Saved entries
lemma L1_sup_weighted_Lp_ball_ge_scaled:
  assumes [measurable]: "w \<in> borel_measurable lebesgue" "B \<in> sets lebesgue" "h \<in> borel_measurable lebesgue"
    and "\<And>x. 0 \<le> h x" and "0 \<le> a"
    and I: "ennreal (a powr p) * (\<integral>\<^sup>+x\<in>B. ennreal (h x powr p * w x) \<partial>lebesgue) \<le> ennreal M"
  shows "ennreal a * (\<integral>\<^sup>+x\<in>B. ennreal (h x) \<partial>lebesgue) \<le> L1_sup_weighted_Lp_ball p w B M"
  unfolding L1_sup_weighted_Lp_ball_def
proof (rule SUP_upper2)
  let ?f = "\<lambda>x. a * h x"
  have "(\<integral>\<^sup>+x\<in>B. ennreal (\<bar>?f x\<bar> powr p * w x) \<partial>lebesgue)
      = ennreal (a powr p) * (\<integral>\<^sup>+x\<in>B. ennreal (h x powr p * w x) \<partial>lebesgue)"
    using assms by (simp add: powr_mult ennreal_mult' mult.assoc flip: nn_integral_cmult)
  then show "?f \<in> {f \<in> borel_measurable lebesgue.
      (\<integral>\<^sup>+x\<in>B. ennreal (\<bar>f x\<bar> powr p * w x) \<partial>lebesgue) \<le> ennreal M}"
    using I by simp
  show "ennreal a * (\<integral>\<^sup>+x\<in>B. ennreal (h x) \<partial>lebesgue) \<le> (\<integral>\<^sup>+x\<in>B. ennreal \<bar>?f x\<bar> \<partial>lebesgue)"
    using assms by (simp add: ennreal_mult mult.assoc flip: nn_integral_cmult)
qed

lemma L1_sup_weighted_Lp_ball_ge_level_set:
  assumes [measurable]: "w \<in> borel_measurable lebesgue" "B \<in> sets lebesgue" "E \<in> sets lebesgue"
    and "E \<subseteq> B" "emeasure lebesgue E = ennreal e" "0 < e"
    and "0 < t" "\<And>x. x \<in> E \<Longrightarrow> w x \<le> 1 / t" and "0 < M"
  shows "ennreal (M * t) \<le> L1_sup_weighted_Lp_ball 1 w B M"
proof -
  define a where "a = M * t / e"
  have "(\<integral>\<^sup>+x\<in>B. ennreal (indicator E x powr 1 * w x) \<partial>lebesgue)
      \<le> (\<integral>\<^sup>+x. ennreal (1 / t) * indicator E x \<partial>lebesgue)"
    using assms(4,8) by (intro nn_integral_mono) (auto simp: indicator_def ennreal_leI)
  also have "\<dots> = ennreal (e / t)"
    using assms by (simp add: nn_integral_cmult_indicator ennreal_mult''[symmetric])
  finally have "ennreal (a powr 1) * (\<integral>\<^sup>+x\<in>B. ennreal (indicator E x powr 1 * w x) \<partial>lebesgue)
      \<le> ennreal M"
    using assms by (auto simp: a_def ennreal_mult''[symmetric] intro: order.trans[OF mult_left_mono])
  then have "ennreal a * (\<integral>\<^sup>+x\<in>B. ennreal (indicator E x) \<partial>lebesgue) \<le> L1_sup_weighted_Lp_ball 1 w B M"
    using assms by (intro L1_sup_weighted_Lp_ball_ge_scaled) (auto simp: a_def)
  moreover have "(\<integral>\<^sup>+x\<in>B. ennreal (indicator E x) \<partial>lebesgue) = (\<integral>\<^sup>+x. indicator E x \<partial>lebesgue)"
    using assms(4) by (intro nn_integral_cong) (auto simp: indicator_def)
  ultimately show ?thesis
    using assms by (simp add: a_def ennreal_mult''[symmetric])
qed

lemma ennreal_mult_le_if_le_below:
  fixes S D :: ennreal
  assumes "0 < M" and below: "\<And>t. 0 < t \<Longrightarrow> ennreal t < S \<Longrightarrow> ennreal (M * t) \<le> D"
  shows "ennreal M * S \<le> D"
proof -
  have "S \<le> D * ennreal (1 / M)"
  proof (rule dense_le)
    fix y assume "y < S"
    then have "y \<noteq> top" by (auto simp: top_unique)
    then obtain t where "y = ennreal t" "0 \<le> t" by (cases y) auto
    show "y \<le> D * ennreal (1 / M)"
    proof (cases "t = 0")
      case False
      then have "ennreal (M * t) * ennreal (1 / M) \<le> D * ennreal (1 / M)"
        using below[of t] \<open>y = ennreal t\<close> \<open>0 \<le> t\<close> \<open>y < S\<close> by (auto intro: mult_right_mono)
      then show ?thesis
        using \<open>y = ennreal t\<close> \<open>0 < M\<close> by (simp add: ennreal_mult''[symmetric])
    qed (use \<open>y = ennreal t\<close> in simp)
  qed
  then have "ennreal M * S \<le> ennreal M * (D * ennreal (1 / M))"
    by (rule mult_left_mono) simp
  also have "\<dots> = D * ennreal (M * (1 / M))"
    using \<open>0 < M\<close> by (subst ennreal_mult'') (auto simp: ac_simps)
  finally show ?thesis
    using \<open>0 < M\<close> by simp
qed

> **WHAT TO WORK ON**
Show each line of the data that contains the string "dots".

> **RESPONSE TO THE TASK**
  also have "\<dots> = ennreal (e / t)"
  also have "\<dots> = D * ennreal (M * (1 / M))"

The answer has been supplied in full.